Figure 4.. Monocytic disease arising from venetoclax + azacitidine treatment is derived from pre-existing monocytic subclones.
A, B, Treatment history of Pt-12, Pt-65 and flow analysis of their diagnosis (Dx) and relapse (Rl) specimens. In the CD45/SSC plots, Mono, Prim and Lym gates identify monocytic, primitive and lymphocytic populations, respectively. The CD34/CD117 and CD68/CD11b plots show immunophenotype of the gated primitive subpopulations in blue and monocytic subpopulations in red. Arrows highlight populations of interest. Clinical information of these patients is listed in Supplementary Table S1. C, D, Fish plots showing clonal dynamics in paired diagnosis (Dx) and relapse (Rl) specimens of Pt-12 and Pt-65. Genetic subclones are illustrated by distinct shapes accompanied by their clonal number (1, 2, or 3). Phenotypic subpopulations are illustrated by color as follows: teal indicates primitive phenotype; brown, pink or red indicate monocytic phenotype. For Pt-12, clone 1 presents a primitive phenotype; clone 2 presents a monocytic phenotype. For Pt-65, clone 1 presents a mixed monocytic and primitive phenotype; clone 2 presents a monocytic phenotype; clone 3 is inferred to have a monocytic phenotype as well.
Figure 5.
Figure 5.. Monocytic disease at relapse has activated MLL-specific LSC programs and sustained reliance on MCL1.

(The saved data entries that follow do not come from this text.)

lemma hanging_paths_in_hered_Fg:
  assumes n: "n = nb + m * l" and g: "\<And>k. l \<le> k \<Longrightarrow> k \<le> n \<Longrightarrow> k div l \<le> g k"
  shows "G \<in> hered_Fg g n"
proof -
  have "cycle_rank W (induced_edges G W) \<le> int (g (card W))" if W: "W \<subseteq> {1..n}" for W
  proof (cases "paths_within W = {}")
    case True
    then show ?thesis using cycle_rank_le_paths_within[of W] finite_subset[OF W] by simp
  next
    case False
    have W_fin: "finite W" using finite_subset[OF W] by simp
    have "card (paths_within W) \<le> card W div l"
      using card_paths_within_le[OF W_fin] length_ge_2 by (simp add: less_eq_div_iff_mult_less_eq)
    moreover have "0 < card (paths_within W)"
      using False finite_paths_within[of W] by (simp add: card_gt_0_iff)
    ultimately have "0 < card W div l" by linarith
    then have "l \<le> card W" by (simp add: div_greater_zero_iff)
    moreover have "card W \<le> n" using card_mono[OF _ W] by simp
    ultimately have "card (paths_within W) \<le> g (card W)"
      using g[of "card W"] \<open>card (paths_within W) \<le> card W div l\<close> by simp
    then show ?thesis using cycle_rank_le_paths_within[OF W_fin] by simp
  qed
  then show ?thesis using hanging_paths_subset n by (auto simp: hered_Fg_def graphs_on_def)
qed

end

locale hanging_path_code_pair =
  A: hanging_path_code nb l m p a b + B: hanging_path_code nb l m p' a' b'
  for nb l m p a b p' a' b' +
  assumes same_graph: "hanging_paths nb l m p a b = hanging_paths nb l m p' a' b'"
    and same_starts: "\<And>i. i < m \<Longrightarrow> p (i * l) = p' (i * l)"
begin

lemma path_vertex_agree: "i < m \<Longrightarrow> j < l \<Longrightarrow> A.v i j = B.v i j"
proof (induction j rule: less_induct)
  case (less j)
  show ?case
  proof (cases j)
    case 0
    then show ?thesis using same_starts[OF less.prems(1)] by (simp add: path_vertex_def)
  next
    case (Suc k)
    have "{B.v i k, A.v i j} \<in> B.G"
      using A.inner_edge[of i k] less Suc same_graph by simp
    then have "A.v i j = B.prev_vertex i k \<or> A.v i j = B.next_vertex i k"
      using B.neighbour_of_path_vertex less.prems Suc by simp
    moreover have "A.v i j \<noteq> B.prev_vertex i k"
    proof (cases k)
      case 0
      then have "B.prev_vertex i k = a' i" by (simp add: B.prev_vertex_def)
      then show ?thesis
        using B.a_in_base[OF less.prems(1)] A.path_vertex_not_in_base[of i j] by metis
    next
      case (Suc k')
      then have "B.prev_vertex i k = A.v i k'"
        using less.IH[of k'] less.prems \<open>j = Suc k\<close> by (simp add: B.prev_vertex_def)
      then show ?thesis
        using A.path_vertex_eq_iff[of i j i k'] less.prems \<open>j = Suc k\<close> Suc by simp
    qed
    moreover have "k \<noteq> l - 1" using less.prems Suc by simp
    then have "B.next_vertex i k = B.v i j" using Suc by (simp add: B.next_vertex_def)
    ultimately show ?thesis by simp
  qed
qed

lemma first_agree:
  assumes i: "i < m" shows "a i = a' i"
proof -
  have l: "0 < l" using A.length_ge_2 by simp
  have "{B.v i 0, a i} \<in> B.G"
    using A.first_edge[OF i] path_vertex_agree[OF i l] same_graph by (simp add: insert_commute)
  then have "a i = B.prev_vertex i 0 \<or> a i = B.next_vertex i 0"
    by (rule B.neighbour_of_path_vertex[OF i l])
  moreover have "B.next_vertex i 0 \<notin> {1..nb}"
    using A.length_ge_2 B.path_vertex_not_in_base by (simp add: B.next_vertex_def)
  moreover have "a i \<in> {1..nb}" by (rule A.a_in_base[OF i])
  ultimately have "a i = B.prev_vertex i 0" by metis
  then show ?thesis by (simp add: B.prev_vertex_def)
qed

lemma last_agree:
  assumes i: "i < m" shows "b i = b' i"
proof -
  have l: "l - 1 < l" using A.length_ge_2 by simp
  have "{B.v i (l - 1), b i} \<in> B.G"
    using A.last_edge[OF i] path_vertex_agree[OF i l] same_graph by simp
  then have "b i = B.prev_vertex i (l - 1) \<or> b i = B.next_vertex i (l - 1)"
    by (rule B.neighbour_of_path_vertex[OF i l])
  moreover have "B.prev_vertex i (l - 1) \<notin> {1..nb}"
    using A.length_ge_2 B.path_vertex_not_in_base by (simp add: B.prev_vertex_def)
  moreover have "b i \<in> {1..nb}" by (rule A.b_in_base[OF i])
  ultimately have "b i = B.next_vertex i (l - 1)" by metis
  then show ?thesis by (simp add: B.next_vertex_def)
qed

lemma permutation_agree: "p = p'"
proof
  fix k show "p k = p' k"
  proof (cases "k < m * l")
    case True
    then have "k \<in> (\<lambda>(i, j). i * l + j) ` ({..<m} \<times> {..<l})"
      using bij_betw_imp_surj_on[OF grid_index_bij[where m = m and l = l]] by simp
    then obtain i j where "i < m" "j < l" "k = i * l + j" by auto
    then show ?thesis using path_vertex_agree[of i j] by (simp add: path_vertex_def)
  next
    case False
    then show ?thesis using permutes_not_in[OF A.permutes] permutes_not_in[OF B.permutes] by simp
  qed
qed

A, UMAP plots of single cell RNA-seq data generated from CITE-seq analysis of paired diagnosis (Dx) and relapse (Rl) specimens from Pt-12. Each cluster represents a subpopulation of biologically similar cells clustered by their transcriptome similarity. Each dot within each cluster represents a single cell. Teal indicates cells from diagnosis, Brown indicates cells from relapse. Also see supplementary Fig. S5A,B. B, Clustifyr analysis assigning each cluster to its closest normal hematopoietic lineage counterpart according to their transcriptome similarity. Bar graph comparing relative percentage of each subcluster in diagnosis and relapse specimens. C, Major myeloid subpopulations analyzed in subsequent analyses. D, Gprofiler analysis results showing significantly upregulated gene sets in the “Rl-mono” cluster relative to the “Dx-mono” cluster. E, A heatmap showing relative expression of MLL-specific LSC gene expression signature at single cell resolution. Red indicates strong positive expression of MLL-specific LSC signature; Blue indicates a negative expression pattern suggesting non-LSC nature. F, A heatmap showing relative expression of HOXA9 and MEIS1 at single cell resolution. G,H, Violin plots showing relative expression of HOXA9, MEIS1, BCL2 and MCL1 in different clusters. Each dot represents a single cell.